Prices continued to fall at all points Friday as weather-based load remained meager, prior-day screen guidance was negative and concerns about near-term storage injection availability mounted. Only the PG&E citygate decline, which was affected by interior Northern California temperatures still forecast to approach 100 during the weekend, was by less than double digits.

Losses ranged from a little more than a nickel to about 40 cents, and other than the hot California market tending to see the smallest dips, were fairly evenly distributed among geographic areas.

Monday’s cash market for the first of September will again lack screen support as the October futures contract made its prompt-month debut Friday with a drop of 17.3 cents (see related story).

Tropical Storm Danny appeared increasingly likely to eliminate any cooling demand from the Mid-Atlantic through Canada’s Maritimes provinces over the next few days. But although its projected route carried Danny close to the U.S. East Coast, it should be remembered that the worst effects from a tropical storm or hurricane occur on the north and east sides.

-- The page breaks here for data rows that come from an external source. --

(* Write $\mathbb Z_2=\{1,\tau\}$ and let $\tau$ act on $\mathbb Z^n$ by $\tau\cdot\lambda=-\lambda$; form the semidirect product $\mathbb Z^n\rtimes\mathbb Z_2$, whose elements are written $\lambda\cdot x$ with $\lambda\in\mathbb Z^n$, $x\in\mathbb Z_2$. Let $e_1,\dots,e_n$ be the standard basis of $\mathbb Z^n$, and set $L_n^\circ=\{\lambda\cdot1 : \sum_i\lambda_i=0\}$ and $L_n^\tau=\{\lambda\cdot\tau:\sum_i\lambda_i=1\}$. Then: (1) The assignment $g_i\mapsto e_i\cdot\tau$ defines an injective group morphism $L_n\to\mathbb Z^n\rtimes\mathbb Z_2$. (2) Its image is $L_n^\circ\cup L_n^\tau$. (3) $L_n\cong\mathbb Z^{n-1}\rtimes\mathbb Z_2$, where $\mathbb Z_2$ acts on $\mathbb Z^{n-1}$ by $\lambda\mapsto-\lambda$.
   Context: $L_n=\mathbb Z_2^{*n}/\langle abc=cba \mid a,b,c\in\{g_1,\dots,g_n\}\rangle$, where $g_1,\dots,g_n$ (with $g_i^2=1$) are the standard generators of the free product $\mathbb Z_2^{*n}$; we keep the notation $g_i$ for their images in $L_n$. $L_n$ is the diagonal group of $A_o^*(n)$, i.e. $C^*(L_n)=A_o^*(n)/\langle u_{ij}=0,\ i\ne j\rangle$ with $g_i$ the image of $u_{ii}$. *)

theory Defs
  imports "HOL-Algebra.Group"
begin

text \<open>Words in the generators g_0,...,g_(n-1) are lists of indices below n
(g_i is represented by the letter i; since g_i^2 = 1 every g_i is its own inverse,
so positive words suffice).\<close>

definition words :: "nat \<Rightarrow> nat list set" where
  "words n = {w. set w \<subseteq> {..<n}}"

inductive Lrel :: "nat \<Rightarrow> nat list \<Rightarrow> nat list \<Rightarrow> bool" for n :: nat where
  refl: "w \<in> words n \<Longrightarrow> Lrel n w w"
| sym: "Lrel n w v \<Longrightarrow> Lrel n v w"
| trans: "Lrel n u v \<Longrightarrow> Lrel n v w \<Longrightarrow> Lrel n u w"
| square: "u \<in> words n \<Longrightarrow> v \<in> words n \<Longrightarrow> i < n \<Longrightarrow> Lrel n (u @ [i, i] @ v) (u @ v)"
| braid: "u \<in> words n \<Longrightarrow> v \<in> words n \<Longrightarrow> a < n \<Longrightarrow> b < n \<Longrightarrow> c < n \<Longrightarrow>
          Lrel n (u @ [a, b, c] @ v) (u @ [c, b, a] @ v)"

definition Lclass :: "nat \<Rightarrow> nat list \<Rightarrow> nat list set" where
  "Lclass n w = {v. Lrel n w v}"

definition L_grp :: "nat \<Rightarrow> nat list set monoid" where
  "L_grp n = \<lparr> carrier = Lclass n ` words n,
               mult = (\<lambda>X Y. {w. \<exists>x\<in>X. \<exists>y\<in>Y. Lrel n (x @ y) w}),
               one = Lclass n [] \<rparr>"

definition gen :: "nat \<Rightarrow> nat \<Rightarrow> nat list set" where
  "gen n i = Lclass n [i]"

A “broad area of low pressure” about 900 miles west-southwest of the southernmost Cape Verde Islands Friday morning continued to produce disorganized showers and thunderstorms, the National Hurricane Center said, and it gave the system a “medium chance” (30-50%) of becoming a tropical cyclone within the next 48 hours.

It was pretty much a case of “same old, same old” in the overall weather picture for the weekend: moderate to cool from the Northeast through the Midwest into the Midcontinent, Upper Plains, Rockies/Pacific Northwest and Western Canada. The South east of Texas could expect peak temperatures only around 90 or so, allowing Florida Gas Transmission to lift an Overage Alert Day Friday.

Southern California coastal highs starting to reach the mid 80s added a minimal amount of cooling load to Golden State gas demand.

In its six- to 10-day forecast update posted Thursday afternoon, the National Weather Service looked for below-normal temperatures in the East to have receded during the Sept. 6-10 period to most of the Southeast through the western Midcontinent. It expected above-normal readings to have retreated from the West Coast but to remain in effect from eastern California through eastern Washington state through northern Michigan in the north to southwestern New Mexico in the south.

Kern River, which had been reporting normal linepack earlier in the week, said volumes had risen to high in the three farthest downstream of its four system segments Friday.

Without something like a tropical storm in the Gulf of Mexico, a Northeast utility buyer said he couldn’t see any major rebounds in gas prices during September. “We’re cool in the Northeast,” he said, and it looks like that condition will stick around for a while. Regarding whether an unusually cool summer will be followed by an extra-cold winter, the buyer said the forecasts for the coming winter differ; “the main fact is we’re not there yet.” A cold winter would help empty high storage volumes, he said, “but you don’t want extremes.”

His utility bought very little baseload gas for September, he said.

A western trader said he was about to go into a meeting, so his “two-minute synopsis” was: storage is full for all practical purposes; Canada prices are at their lowest since May of last year (“we’re talking Wal-Mart pricing”), and he detected a massive sell-off Friday so people won’t get caught long entering September.

Granted, it was a small increase, but the Baker Hughes Rotary Rig Count (https://intelligencepress.com/features/bakerhughes/) of drilling rigs actively searching for natural gas in the U.S. was on the rise again during the week ending Aug. 28 with an increase of four rigs to 699. The gain represented yet another reversal to the general (and fairly steep) downturn in gas-seeking rigs during most of the first half of the year. The Gulf of Mexico and onshore plays added two rigs each, said Baker Hughes. Its latest tally was up 3% from a year ago but 56% less than the year-ago level.